Case in point was the first subject we met, a young woman named Zuleika Goday who heads into the city regularly for treatment of her baby Yazmin. We interviewed her at the foundation’s office in the morning, than took what we thought would be a moderate drive to her home on the outskirts of the city. As we drove away from the high rises and modern amenities of the municipality, the road and the degree of development alongside it scaled back dramatically. Within the hour there was only rural countryside in all directions. We kept driving the ever narrowing road waiting for the parking space to arrive.

It came into view eventually. But there was still a river, a 3-mile dirt road and a 2-mile hike separating Zuleika and Yazmin from their house.

It proved perhaps the longest I’ve ever traveled to reach a home, but one filled with exhilaration. After crossing the river in an old motorized canoe, we watched in disbelief as a covered pick-up truck came down the road and the driver motioned for us to pile in. At the jerky moment of take-off, the atmosphere filled with sheer giddiness. In a few hours we would be sweating and sunburned on the return trip and ready for a break. But at this second, there was only childlike laughter and wonder on repeat as we entered a jungle we never expected to see once on this trip, let alone the first day.

The scenery of the hike looked like something out of the TV show Lost: unchecked vegetation in every direction,  a curving landscape of hills, and absolute quiet all around. Eventually we reached the thatched hut Zuleika called home, starting an interview where we learned of her weekly struggle to keep the Yazmin’s bones in place with treatment hours away. The thing is, she’s not the only one in such remote conditions facing such a journey for necessary medical care. There are many others, some of whom we have met these last few days, who live in isolated, poverty-stricken regions where getting help, even on the rare occasions when it’s available, requires a journey. To truly have their major bone fractures fixed, a trip to a U.S. hospital is required in order to find the right medical expertise.

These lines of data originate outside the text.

(* Let $X$ be as in the context. Then $X$ is explosive if all of the following hold: (a) $m(x)x-v(x)\gtrsim x^c$ for some constant $c>2$; (b) $\liminf_{x\to\infty}H_1(x)>1$; (c) for every $q>2$, if $\liminf_{x\to\infty}\dfrac{v(x)}{x^2(\log x)^q}=0$ then $\lim_{x\to\infty}\dfrac{v(x)}{x^2(\log x)^q}=0$.
   Context: Let $\mathbb S\subseteq\mathbb Z_{\ge0}$ be an infinite set and let $X$ be an irreducible continuous-time Markov chain on $\mathbb S$ whose generator acts on functions $f:\mathbb S\to\mathbb R$ by $\mathcal A f(x)=\sum_{\eta\in\mathbb Z}\lambda_\eta(x)\big(f(x+\eta)-f(x)\big)$, where $\lambda_\eta(x)$ is the rate of the jump $x\to x+\eta$ (and $\lambda_\eta(x)=0$ whenever $x+\eta\notin\mathbb S$). Standing assumption: (a) there is a finite set $\Gamma\subset\mathbb Z$ such that $\lambda_\eta\equiv0$ for $\eta\notin\Gamma$; (b) $0\le\lambda_\eta(x)<\infty$ for all $x,\eta$. Define $m(x)=\sum_{\eta}\eta\,\lambda_\eta(x)$, $v(x)=\frac12\sum_\eta\eta^2\lambda_\eta(x)$ (positive on $\mathbb S$), and for a constant $p$ and $x>1$, $H_p(x)=\dfrac{(\log x)(m(x)x-p\,v(x))}{v(x)}$. Notation: $g\gtrsim h$ means there is $C>0$ with $h(x)\le C g(x)$ for all sufficiently large $x\in\mathbb S$; limits are as $x\to\infty$ in $\mathbb S$. $X$ is explosive if $P(T<\infty)>0$, where $T=\lim_k T_k$ and $T_k$ is the $k$-th jump time. *)

theory Defs
  imports "HOL-Probability.Probability"
begin

text \<open>Rates: lam eta x is the rate of the jump x -> x + eta. States are integers
(the state space S is a subset of the nonnegative integers).\<close>

definition drift :: "int set \<Rightarrow> (int \<Rightarrow> int \<Rightarrow> real) \<Rightarrow> int \<Rightarrow> real" where
  "drift \<Gamma> lam x = (\<Sum>\<eta>\<in>\<Gamma>. real_of_int \<eta> * lam \<eta> x)"

definition vfun :: "int set \<Rightarrow> (int \<Rightarrow> int \<Rightarrow> real) \<Rightarrow> int \<Rightarrow> real" where
  "vfun \<Gamma> lam x = (1/2) * (\<Sum>\<eta>\<in>\<Gamma>. (real_of_int \<eta>)^2 * lam \<eta> x)"

definition Hfun :: "int set \<Rightarrow> (int \<Rightarrow> int \<Rightarrow> real) \<Rightarrow> real \<Rightarrow> int \<Rightarrow> real" where
  "Hfun \<Gamma> lam p x = ln (real_of_int x) * (drift \<Gamma> lam x * real_of_int x - p * vfun \<Gamma> lam x)
                        / vfun \<Gamma> lam x"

What can we do by sharing in this experience? Hopefully find a way to let the greater Panamanian and American public know of the issue, building momentum and funds for a clinic in the country. It will take just the right mix of multimedia storytelling and web-based graphics calling people to action. I hope we can pull it off, but I know we’ll have all the footage and the experience necessary to make it happen, and I couldn’t ask for a more talented and engaging group of students to work with on the project.

By car we’re seeing a new world. But it’s after we park that the real work, and the real eye-opening experience, comes into focus.